To us, sustainability means protecting the natural habitats of the present day for the generations to come. But it might mean something completely different to you, so this is a worthwhile thought experiment to get the wheels turning.
Write resolutions in the present tense, not future
It’s surprisingly liberating to write a sustainable new year’s resolution as if it’s already part of your lifestyle rather than a goal you’re working towards. Instead of “I will not eat any meat for a year” you could write “I am a vegetarian.” Not only is that turning a negative statement into a positive one, it’s also liberating you from any time-defined commitment to your resolution. Let’s just see how it goes!
The word resolution comes from the latin resolvere, which means “to loosen or release”. Maybe this is the mistake we’re making with resolutions: treating them as strict rules that we must abide by instead of tools to release our creativity.
Build-on a sustainable habit you’ve already mastered
Maybe you’ve stopped buying products packaged in single-use plastics, or no longer shop fast fashion. The new year is an opportunity to take your sustainable commitment one step further. Think: seeing how long you can avoid bottled water, or setting a target for the lowest number of garments you can buy in the entire year.
Researchers have discovered that the most effective tool for setting resolutions that last is something called “habit reflection”. That’s when you think about how a habit has been successfully integrated into your life, and figure out why it worked. You can then use this knowledge as a blueprint for your next sustainable new year’s resolution.
Conversely, you may want to consider why past resolutions haven’t worked out.
Be prepared for the “valley of disappointments”
Here’s Atomic Habits author, James Clear: “a “valley of disappointment” (is) where people feel discouraged after putting in weeks or months of hard work without experiencing any results. However, this work was not wasted. It was simply being stored.”

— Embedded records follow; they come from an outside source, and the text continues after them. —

(* Let $T$ be a finite tree with at least one edge, and let $r\ge1$, $s\ge1$ be integers. There is a bijection between partitions of the vertex set of $T$ into $r+1$ non-empty parts, each $(s+1)$-scattered, and partitions of the edge set of $T$ into $r$ non-empty parts, each $s$-scattered.
   Context: For distinct vertices $v,w$ of a tree, their distance is the number of edges on the unique path between them. For distinct edges $e,e'$, their distance is $p-1$, where $e=e_1,e_2,\dots,e_p=e'$ is the shortest sequence of edges in which consecutive edges share a vertex (so two edges sharing a vertex have distance $1$). A set of vertices (resp. edges) is $s$-scattered if any two distinct elements have distance $\ge s$. *)

theory Defs
  imports Main "HOL-Library.Disjoint_Sets"
begin

definition vwalk :: "'a set set \<Rightarrow> 'a list \<Rightarrow> bool" where
  "vwalk E xs \<longleftrightarrow> xs \<noteq> [] \<and> (\<forall>i. Suc i < length xs \<longrightarrow> {xs ! i, xs ! Suc i} \<in> E)"

definition tree :: "'a set \<Rightarrow> 'a set set \<Rightarrow> bool" where
  "tree V E \<longleftrightarrow> finite V \<and> V \<noteq> {} \<and>
     E \<subseteq> {{u, v} | u v. u \<in> V \<and> v \<in> V \<and> u \<noteq> v} \<and>
     (\<forall>u\<in>V. \<forall>v\<in>V. \<exists>!xs. vwalk E xs \<and> distinct xs \<and> hd xs = u \<and> last xs = v)"

definition vdist :: "'a set set \<Rightarrow> 'a \<Rightarrow> 'a \<Rightarrow> nat" where
  "vdist E u v = (LEAST n. \<exists>xs. vwalk E xs \<and> hd xs = u \<and> last xs = v \<and> length xs = Suc n)"

definition ewalk :: "'a set set \<Rightarrow> 'a set list \<Rightarrow> bool" where
  "ewalk E es \<longleftrightarrow> es \<noteq> [] \<and> set es \<subseteq> E \<and>
     (\<forall>i. Suc i < length es \<longrightarrow> es ! i \<inter> es ! Suc i \<noteq> {})"

definition edist :: "'a set set \<Rightarrow> 'a set \<Rightarrow> 'a set \<Rightarrow> nat" where
  "edist E e e' = (LEAST n. \<exists>es. ewalk E es \<and> hd es = e \<and> last es = e' \<and> length es = Suc n)"

definition vscattered :: "'a set set \<Rightarrow> nat \<Rightarrow> 'a set \<Rightarrow> bool" where
  "vscattered E s S \<longleftrightarrow> (\<forall>u\<in>S. \<forall>v\<in>S. u \<noteq> v \<longrightarrow> s \<le> vdist E u v)"

definition escattered :: "'a set set \<Rightarrow> nat \<Rightarrow> 'a set set \<Rightarrow> bool" where
  "escattered E s F \<longleftrightarrow> (\<forall>e\<in>F. \<forall>e'\<in>F. e \<noteq> e' \<longrightarrow> s \<le> edist E e e')"

end

theory Submission
  imports Defs
begin

text \<open>
  Partitions of V into (s + 1)-scattered sets are partitions into stable sets of the conflict
  relation "distance at most s", and partitions of E into s-scattered sets are partitions into
  stable sets of the conflict relation "some endpoints at distance at most s - 2". Choose a leaf l
  farthest from some vertex, with neighbour p. In both conflict relations the neighbourhood of l,
  respectively of the edge {p, l}, is a clique, so deleting it yields the recurrence
  c(k + 1) = c'(k) + (k + 1 - |N|) c'(k + 1) for the numbers of partitions into stable sets.
  The edges in conflict with {p, l} are the parent edges of the vertices other than p in conflict
  with l, so the vertex neighbourhood is exactly one larger. By induction on |V| there are as many
  vertex partitions into r + 1 parts as edge partitions into r parts.
\<close>

section \<open>Partitions into stable sets\<close>

definition stable_set :: "('b \<Rightarrow> 'b \<Rightarrow> bool) \<Rightarrow> 'b set \<Rightarrow> bool" where
  "stable_set R X \<longleftrightarrow> (\<forall>u\<in>X. \<forall>v\<in>X. u \<noteq> v \<longrightarrow> \<not> R u v)"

In other words: don’t give up on a resolution, because all your effort will eventually pay off. A literal example - reducing food waste every week might take extra time and planning but it adds up to savings at the end of the month. Sustainable new year’s resolutions take a while to bear fruit.
New You or New Us?
Nature tells us that nothing exists in isolation. So why shouldn’t our sustainable resolutions be linked to other people’s happiness as well as our own? Think about how to become a more active participant in your local community, from helping out at your nearest community garden to supporting young climate activists who need their voices to be heard. Even taking your old clothing to local recycling projects connects you to your community. Togetherness is inherently more sustainable than individualism.
Whatever your chosen resolution turns out to be, we wish you all the best in sticking to it and making 2023 the most sustainable year to date!